そして今から24時間以内のこと——まだ完全には展開しきっていないものの——Anthropicが明確に示したのは、私たちの多くがOpen Clawを使い、Claudeの技術に依存してきたやり方は間違っており、今後は許可されないということです。
エージェンティックハーネスの仕組み
こういったエージェンティックハーネスというのは、基本的に一種のビークル(乗り物)のようなものです。そこにパイロット、つまりお気に入りの大規模言語モデルを乗せて、必要に応じて入れ替えることができます。別のモデルに交換したり、タスクによって使い分けたりできる。多くの人がClaude 4.5 Opusや、最近ではClaude Opus 4.6を気に入って使っていたので、Open Clawやその他のオープンソースエージェントを動かすためにAnthropicの技術を主な動力源として使っていたわけです。Open Clawは特に注目を集め、膨大なユーザーを獲得していた存在でした。
APIと定額サブスクリプションの違い
通常、こういったツールを使う場合はAPIを通じてアクセスします。APIを使えば大規模言語モデルに直接質問を投げかけることができ、チャットボットのインターフェースを経由する必要がなく、非常に高速でスケーラブル、自由にカスタマイズやコードを組み込むこともできます。
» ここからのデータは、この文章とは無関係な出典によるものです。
lemma card_neg_points_le_settled_step:
  assumes "maximal_candidate S hist j x"
    and "card (neg_points hist) \<le> card (settled_coords S hist)"
  shows "card (neg_points (hist @ [(x, l)])) \<le> card (settled_coords S (hist @ [(x, l)]))"
proof (cases "l = -1")
  case False
  then have "neg_points (hist @ [(x, l)]) = neg_points hist"
    by (auto simp: neg_points_def)
  moreover have "card (settled_coords S hist) \<le> card (settled_coords S (hist @ [(x, l)]))"
    by (rule card_mono[OF finite settled_coords_mono])
  ultimately show ?thesis
    using assms(2) by simp
next
  case True
  have "x \<notin> neg_points hist"
    using assms(1) by (force simp: maximal_candidate_def candidate_def neg_points_def)
  moreover have "neg_points (hist @ [(x, l)]) = insert x (neg_points hist)"
    using True by (auto simp: neg_points_def)
  ultimately have "card (neg_points (hist @ [(x, l)])) = Suc (card (neg_points hist))"
    by (simp add: finite_neg_points)
  moreover have "insert j (settled_coords S hist) \<subseteq> settled_coords S (hist @ [(x, l)])"
    using maximal_candidate_negative_settles(2)[OF assms(1)] settled_coords_mono True by blast
  then have "card (insert j (settled_coords S hist)) \<le> card (settled_coords S (hist @ [(x, l)]))"
    by (rule card_mono[OF finite])
  then have "Suc (card (settled_coords S hist)) \<le> card (settled_coords S (hist @ [(x, l)]))"
    using maximal_candidate_negative_settles(1)[OF assms(1)] by simp
  ultimately show ?thesis
    using assms(2) by simp
qed

definition history_invariant ::
    "(real ^ 'd) set \<Rightarrow> (real ^ 'd \<Rightarrow> int) \<Rightarrow> ((real ^ 'd) \<times> int) list \<Rightarrow> bool" where
  "history_invariant S L hist \<longleftrightarrow> fst ` set hist \<subseteq> S \<and> (\<forall>(x, l)\<in>set hist. l = L x) \<and>
     card (neg_points hist) \<le> card (settled_coords S hist)"

lemma history_invariant_snoc:
  assumes "maximal_candidate S hist j x" and "history_invariant S L hist"
  shows "history_invariant S L (hist @ [(x, L x)])"
proof -
  have "x \<in> S"
    using assms(1) by (simp add: maximal_candidate_def candidate_def)
  then show ?thesis
    using assms(2) card_neg_points_le_settled_step[OF assms(1)]
    by (auto simp: history_invariant_def)
qed

lemma run_box_auditor:
  fixes S :: "(real ^ 'd) set"
  assumes "finite S" and "history_invariant S L hist"
  shows "\<exists>h hist'. run (box_auditor S) L (Suc (card (S - fst ` set hist))) hist = Some (h, hist') \<and>
    history_invariant S L hist' \<and> (\<forall>j x. \<not> candidate S hist' j x) \<and>
    h = (SOME h. fits_history S hist' h)"
  using assms(2)
proof (induction "card (S - fst ` set hist)" arbitrary: hist)
  case 0
  have "\<not> candidate S hist j x" for j x
    using 0 \<open>finite S\<close> by (auto simp: candidate_def)
  then show ?case
    using 0 by (auto simp: box_auditor_def)
next
  case (Suc n)
  show ?case
  proof (cases "\<exists>j x. candidate S hist j x")
    case False
    then show ?thesis
      using Suc.prems by (auto simp: box_auditor_def)
  next
    case True
    define x where "x = (SOME x. \<exists>j. maximal_candidate S hist j x)"
    have "\<exists>x j. maximal_candidate S hist j x"
      using True maximal_candidate_exists[OF \<open>finite S\<close>] by blast
    then have "\<exists>j. maximal_candidate S hist j x"
      unfolding x_def by (rule someI_ex)
    then obtain j where max: "maximal_candidate S hist j x" ..
    then have x: "x \<in> S" "x \<notin> fst ` set hist"
      by (auto simp: maximal_candidate_def candidate_def)
    define hist' where "hist' = hist @ [(x, L x)]"
    have "S - fst ` set hist' = (S - fst ` set hist) - {x}"
      by (auto simp: hist'_def)
    with x Suc.hyps(2) \<open>finite S\<close> have unqueried: "n = card (S - fst ` set hist')"
      by (simp add: card_Diff_singleton)
    have "history_invariant S L hist'"
      unfolding hist'_def by (rule history_invariant_snoc[OF max Suc.prems])
    then have "\<exists>h hist''.
      run (box_auditor S) L (Suc (card (S - fst ` set hist'))) hist' = Some (h, hist'') \<and>
      history_invariant S L hist'' \<and> (\<forall>j x. \<not> candidate S hist'' j x) \<and>
      h = (SOME h. fits_history S hist'' h)"
      by (rule Suc.hyps(1)[OF unqueried])
    then obtain h hist'' where
      run: "run (box_auditor S) L (Suc (card (S - fst ` set hist'))) hist' = Some (h, hist'')"
      and result: "history_invariant S L hist''" "\<forall>j x. \<not> candidate S hist'' j x"
        "h = (SOME h. fits_history S hist'' h)"
      by blast
    have "box_auditor S hist = Query x"
      using True by (simp add: box_auditor_def x_def)
    with run[folded unqueried] have "run (box_auditor S) L (Suc (Suc n)) hist = Some (h, hist'')"
      by (simp add: hist'_def)
    with result show ?thesis
      unfolding Suc.hyps(2)[symmetric] by blast
  qed
qed

lemma fits_history_h_box:
  fixes S :: "(real ^ 'd) set"
  assumes "\<forall>i. a $ i \<ge> 0" and "\<forall>x\<in>S. L x = h_box a x"
    and "fst ` set hist \<subseteq> S" and "\<forall>(x, l)\<in>set hist. l = L x"
    and "\<forall>j x. \<not> candidate S hist j x"
  shows "fits_history S hist (h_box a)"
proof -
  have queried: "x \<in> S" "l = L x" if "(x, l) \<in> set hist" for x l
    using that assms(3,4) by force+
  have "h_box a \<in> H_box"
    unfolding H_box_def using assms(1) by blast
  moreover have "h_box a x = l" if "(x, l) \<in> set hist" for x l
    using queried[OF that] assms(2) by simp
  moreover have "h_box a x = -1" if x: "x \<in> S" "x \<notin> fst ` set hist" for x
  proof (rule ccontr)
    assume "h_box a x \<noteq> -1"
    then obtain i where "a $ i \<le> x $ i"
      by (auto simp: h_box_def split: if_splits)
    moreover have "\<not> candidate S hist i x"
      using assms(5) by blast
    then obtain k where k: "k \<in> neg_points hist" "x $ i \<le> k $ i"
      using x by (auto simp: candidate_def not_less)
    ultimately have "h_box a k = 1"
      unfolding h_box_def by (metis order_trans)
    moreover have "(k, -1) \<in> set hist"
      using k(1) by (simp add: neg_points_def)
    then have "L k = h_box a k" "L k = -1"
      using queried assms(2) by simp_all
    ultimately show False
      by simp
  qed
  ultimately show ?thesis
    by (simp add: fits_history_def)
qed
一方でチャットボットを使う場合は、通常月額20ドル前後の定額制です。APIの場合はほとんどが使用量ベース、つまり使ったトークン数に応じた課金になります。たとえばClaude Opus APIの料金は、入力100万トークンあたり15ドル、出力100万トークンあたり75ドルです。
AIエージェントを動かしてAPIを使い続けると、どんどん課金が積み上がっていきます。チャットボットなら月額20ドルを払えばほぼ使い放題ですが、APIではそうはいきません。
そのちょうど中間に位置するのが、月額200ドルのClaude Maxサブスクリプションです。これは定額制で、たとえばClaude Codeをほぼ無制限に使えます。一定のしきい値を超えると多少の制限はかかりますが、それ以上の追加料金は発生しない。
OAuthキーの問題
Claude CodeをPCにセットアップする際、AnthropicのサーバーにログインしてOAuthキーと呼ばれる認証キーを取得します。これはAPIキーに似た見た目をしていますが、フォーマットが少し異なります。このキーがあれば、Claude Maxアカウントを使ってClaude Codeを動かすことができます。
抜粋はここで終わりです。